Le daggerboard sono una versione evoluta della tradizionale lama di deriva a baionetta centrale. Dopo la loro prima apparizione su monoscafi e multiscafi da regata, ultimamente si vedono anche su barche da crociera, soprattutto i multiscafi. Vediamone pregi e difetti.

In principio ci fu la deriva a baionetta, una lama di deriva retrattile ancora oggi molto utilizzata sulle piccole derive a vela, a partire dall’Optimist, ma anche su alcuni cabinati e catamarani. La maggior parte di coloro che navigano l’hanno presa in mano almeno una volta sfilandola e infilandola nella sua scassa a centro barca. Questa importante appendice oltre a contrastare lo scarroccio, ha il pregio di ridurre il pescaggio e permettere di raggiungere la spiaggia ed entrare in molti porti che altrimenti sarebbero off-limits.

Oggi tuttavia la classica deriva a baionetta è stata soppiantata da una sua interpretazione molto più evoluta e sdoppiata su entrambe le murate delle barche, le cosiddette daggerboard.
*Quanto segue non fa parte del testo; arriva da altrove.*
(* Suppose $G$ is connected and $\Gamma_G$ is population monotonic. Then (a) any two triangles (subgraphs isomorphic to $K_3$) of $G$ that share at least one vertex share a common edge, and this common edge is the strictly maximum-weight edge of each of the two triangles; and (b) any two triangles of $G$ share at least one vertex, and in fact there is a single edge $uv$ of $G$ contained in every triangle of $G$ which is the maximum-weight edge of every triangle of $G$.
   Context: $G=(V,E;w)$ is a finite simple graph with edge weights $w:E\to\mathbb{R}$, $w_e>0$ for all $e\in E$. The matching game on $G$ is the cooperative game $\Gamma_G=(N,\gamma)$ with player set $N=V$ and, for $S\subseteq N$, $\gamma(S)$ equal to the maximum weight of a matching in the induced subgraph $G[S]$ (so $\gamma(\emptyset)=0$). A population monotonic allocation scheme (PMAS) is a family $(\boldsymbol{x}_S)_{\emptyset\neq S\subseteq N}$ with $\boldsymbol{x}_S=(x_{S,i})_{i\in S}\in\mathbb{R}^S$ such that (efficiency) $\sum_{i\in S}x_{S,i}=\gamma(S)$ for every nonempty $S\subseteq N$, and (monotonicity) $x_{S,i}\le x_{T,i}$ whenever $\emptyset\ne S\subseteq T\subseteq N$ and $i\in S$. $\Gamma_G$ is called population monotonic if it admits a PMAS. *)

theory Defs
  imports Complex_Main
begin

definition simple_graph :: "'a set \<Rightarrow> 'a set set \<Rightarrow> bool" where
  "simple_graph V E \<longleftrightarrow> finite V \<and> (\<forall>e\<in>E. e \<subseteq> V \<and> card e = 2)"

definition adj :: "'a set set \<Rightarrow> ('a \<times> 'a) set" where
  "adj E = {(u, v). {u, v} \<in> E}"

definition connected_graph :: "'a set \<Rightarrow> 'a set set \<Rightarrow> bool" where
  "connected_graph V E \<longleftrightarrow> (\<forall>u\<in>V. \<forall>v\<in>V. (u, v) \<in> (adj E)\<^sup>*)"

definition matching_in :: "'a set set \<Rightarrow> 'a set \<Rightarrow> 'a set set \<Rightarrow> bool" where
  "matching_in E S M \<longleftrightarrow> M \<subseteq> E \<and> (\<forall>e\<in>M. e \<subseteq> S)
     \<and> (\<forall>e1\<in>M. \<forall>e2\<in>M. e1 \<noteq> e2 \<longrightarrow> e1 \<inter> e2 = {})"

definition gamma :: "'a set set \<Rightarrow> ('a set \<Rightarrow> real) \<Rightarrow> 'a set \<Rightarrow> real" where
  "gamma E w S = Max ((\<lambda>M. \<Sum>e\<in>M. w e) ` {M. matching_in E S M})"

definition is_PMAS :: "'a set \<Rightarrow> 'a set set \<Rightarrow> ('a set \<Rightarrow> real) \<Rightarrow> ('a set \<Rightarrow> 'a \<Rightarrow> real) \<Rightarrow> bool" where
  "is_PMAS V E w x \<longleftrightarrow>
     (\<forall>S. S \<subseteq> V \<and> S \<noteq> {} \<longrightarrow> (\<Sum>i\<in>S. x S i) = gamma E w S) \<and>
     (\<forall>S T i. S \<noteq> {} \<and> S \<subseteq> T \<and> T \<subseteq> V \<and> i \<in> S \<longrightarrow> x S i \<le> x T i)"

definition population_monotonic :: "'a set \<Rightarrow> 'a set set \<Rightarrow> ('a set \<Rightarrow> real) \<Rightarrow> bool" where
  "population_monotonic V E w \<longleftrightarrow> (\<exists>x. is_PMAS V E w x)"

definition triangle :: "'a set \<Rightarrow> 'a set set \<Rightarrow> 'a set \<Rightarrow> bool" where
  "triangle V E t \<longleftrightarrow> t \<subseteq> V \<and> card t = 3 \<and> (\<forall>u\<in>t. \<forall>v\<in>t. u \<noteq> v \<longrightarrow> {u, v} \<in> E)"

definition strict_max_edge :: "'a set \<Rightarrow> ('a set \<Rightarrow> real) \<Rightarrow> 'a set \<Rightarrow> bool" where
  "strict_max_edge t w e \<longleftrightarrow> e \<subseteq> t \<and> card e = 2 \<and>
     (\<forall>f. f \<subseteq> t \<and> card f = 2 \<and> f \<noteq> e \<longrightarrow> w f < w e)"

end

theory Submission
  imports Defs
begin

text \<open>
  Write \<open>share u v\<close> for the payoff of \<open>u\<close> in the two-player coalition \<open>{u, v}\<close>, so that
  \<open>share u v + share v u\<close> is the weight of \<open>uv\<close>. A coalition of three vertices is worth the
  weight of a single edge, and monotonicity compares its payoffs with the shares. In a triangle
  whose heaviest edge is \<open>uv\<close> this forces the third vertex (the apex) to get nothing on its
  edges and makes \<open>uv\<close> strictly heaviest; on an induced path \<open>p - c - q\<close> the centre keeps a
  positive share of both edges while one of the leaves gets nothing. Playing these facts against
  each other: two triangles with a common edge both have it as their top edge, two triangles
  never meet in a single vertex, and every neighbour of a vertex outside the top edge \<open>uv\<close> of a
  triangle lies in \<open>{u, v}\<close>. By connectivity \<open>{u, v}\<close> is then a vertex cover, so every
  triangle consists of \<open>u\<close>, \<open>v\<close> and one more vertex, with top edge \<open>uv\<close>.
\<close>

lemma simple_graph_finite_edges:
  assumes "simple_graph V E"
  shows "finite E"
proof -
  have "E \<subseteq> Pow V" and "finite V" using assms by (auto simp: simple_graph_def)
  then show ?thesis by (meson finite_Pow_iff finite_subset)
qed

lemma finite_matchings: "finite E \<Longrightarrow> finite {M. matching_in E S M}"
  by (rule finite_subset[of _ "Pow E"]) (auto simp: matching_in_def)

lemma matching_weight_le_gamma:
  "finite E \<Longrightarrow> matching_in E S M \<Longrightarrow> (\<Sum>e\<in>M. w e) \<le> gamma E w S"
  unfolding gamma_def by (rule Max_ge) (auto simp: finite_matchings)

lemma gamma_nonneg: "finite E \<Longrightarrow> 0 \<le> gamma E w S"
  using matching_weight_le_gamma[of E S "{}"] by (simp add: matching_in_def)

lemma gamma_le_if_matchings_le:
  assumes "finite E" and "\<And>M. matching_in E S M \<Longrightarrow> (\<Sum>e\<in>M. w e) \<le> B"
  shows "gamma E w S \<le> B"
proof -
  have "{} \<in> {M. matching_in E S M}" by (simp add: matching_in_def)
  then show ?thesis
    unfolding gamma_def using assms finite_matchings[of E S] by (subst Max_le_iff) auto
qed

lemma matching_on_three_vertices:
  assumes G: "simple_graph V E" and M: "matching_in E S M" and S: "finite S" "card S \<le> 3"
  shows "M = {} \<or> (\<exists>e\<in>E. M = {e} \<and> e \<subseteq> S)"
proof (cases "M = {}")
  case False
  then obtain e where e: "e \<in> M" by blast
  have "M = {e}"
  proof (rule ccontr)
    assume "M \<noteq> {e}"
    then obtain e' where e': "e' \<in> M" "e' \<noteq> e" using e by blast
    have sub: "e \<subseteq> S" "e' \<subseteq> S" and disj: "e \<inter> e' = {}"
      using M e e' by (auto simp: matching_in_def)
    have "card e = 2" "card e' = 2"
      using G M e e' by (auto simp: matching_in_def simple_graph_def)
    then have "card (e \<union> e') = 4"
      using disj sub S(1) by (simp add: card_Un_disjoint finite_subset)
    moreover have "card (e \<union> e') \<le> card S" using sub S(1) by (intro card_mono) auto
    ultimately show False using S(2) by simp
  qed
  then show ?thesis using M e by (auto simp: matching_in_def)
qed simp

lemma gamma_le_if_card_le_3:
  assumes G: "simple_graph V E" and S: "finite S" "card S \<le> 3" and "0 \<le> B"
    and "\<And>e. e \<in> E \<Longrightarrow> e \<subseteq> S \<Longrightarrow> w e \<le> B"
  shows "gamma E w S \<le> B"
proof (rule gamma_le_if_matchings_le)
  show "finite E" using G by (rule simple_graph_finite_edges)
  fix M assume "matching_in E S M"
  from matching_on_three_vertices[OF G this S] show "(\<Sum>e\<in>M. w e) \<le> B"
    using assms(4,5) by auto
qed

lemma two_subset_of_triple:
  assumes "f \<subseteq> {a, b, c}" and "card f = 2"
  shows "f = {a, b} \<or> f = {a, c} \<or> f = {b, c}"
proof -
  obtain p q where f: "f = {p, q}" "p \<noteq> q" using assms(2) by (meson card_2_iff)
  then have "p \<in> {a, b, c}" "q \<in> {a, b, c}" using assms(1) by auto
  then show ?thesis using f by (auto simp: insert_commute)
qed

locale matching_pmas =
  fixes V :: "'a set" and E :: "'a set set" and w :: "'a set \<Rightarrow> real"
    and x :: "'a set \<Rightarrow> 'a \<Rightarrow> real"
  assumes simple: "simple_graph V E"
    and weight_pos: "\<forall>e\<in>E. 0 < w e"
    and pmas: "is_PMAS V E w x"
begin

abbreviation adjacent :: "'a \<Rightarrow> 'a \<Rightarrow> bool" where
  "adjacent u v \<equiv> {u, v} \<in> E"

abbreviation wt :: "'a \<Rightarrow> 'a \<Rightarrow> real" where
  "wt u v \<equiv> w {u, v}"

abbreviation share :: "'a \<Rightarrow> 'a \<Rightarrow> real" where
  "share u v \<equiv> x {u, v} u"

lemma adjacent_sym: "adjacent u v \<Longrightarrow> adjacent v u"
  by (simp add: insert_commute)

lemma wt_sym: "wt u v = wt v u"
  by (simp add: insert_commute)

lemma adjacentD:
  assumes "adjacent u v"
  shows "u \<noteq> v" and "u \<in> V" and "v \<in> V" and "0 < wt u v"
proof -
  have "card {u, v} = 2" and "{u, v} \<subseteq> V" using simple assms by (auto simp: simple_graph_def)
  then show "u \<noteq> v" "u \<in> V" "v \<in> V" by (auto simp: card_insert_if split: if_splits)
  show "0 < wt u v" using weight_pos assms by blast
qed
Si tratta di pinne di deriva, in genere retrattili o fisse (nel qual caso si chiamano “canard”), dal profilo asimmetrico che, posizionate a dritta o a sinistra secondo le esigenze di navigazione, assumono una funzione stabilizzatrice e antiscarroccio. Tutto sommato risultano piuttosto semplici da manovrare: si usano soprattutto nelle andature di bolina, al lasco non servono e sono tenute sollevate. Per farle scendere è sufficiente lascare il sistema di ritenuta, mentre per sollevarle si fa l’operazione inversa che si conclude con qualche giro alla maniglia di un winch.

All’inizio associate alla chiglia basculante

Nelle loro prime versioni le daggerboard sono state associate alle swinging keel. L’inclinazione sopravento delle chiglie basculanti ad angoli importanti, prossimi ai 40 gradi, infatti, consente un aumento del momento raddrizzante dello scafo, ma diminuisce l’efficienza del piano di deriva riducendone la superficie utile per contrastare lo scarroccio. Ecco allora che le daggerboard in questa situazione vengono immerse (tramite semplici paranchi in maniera alternata, cioè con la chiglia sbandata a destra si immerge quella di sinistra e viceversa) a compensare la riduzione di superficie antiscarroccio. Non solo, in alcuni casi hanno un’incidenza variabile e assolvono anche alla funzione di secondo timone.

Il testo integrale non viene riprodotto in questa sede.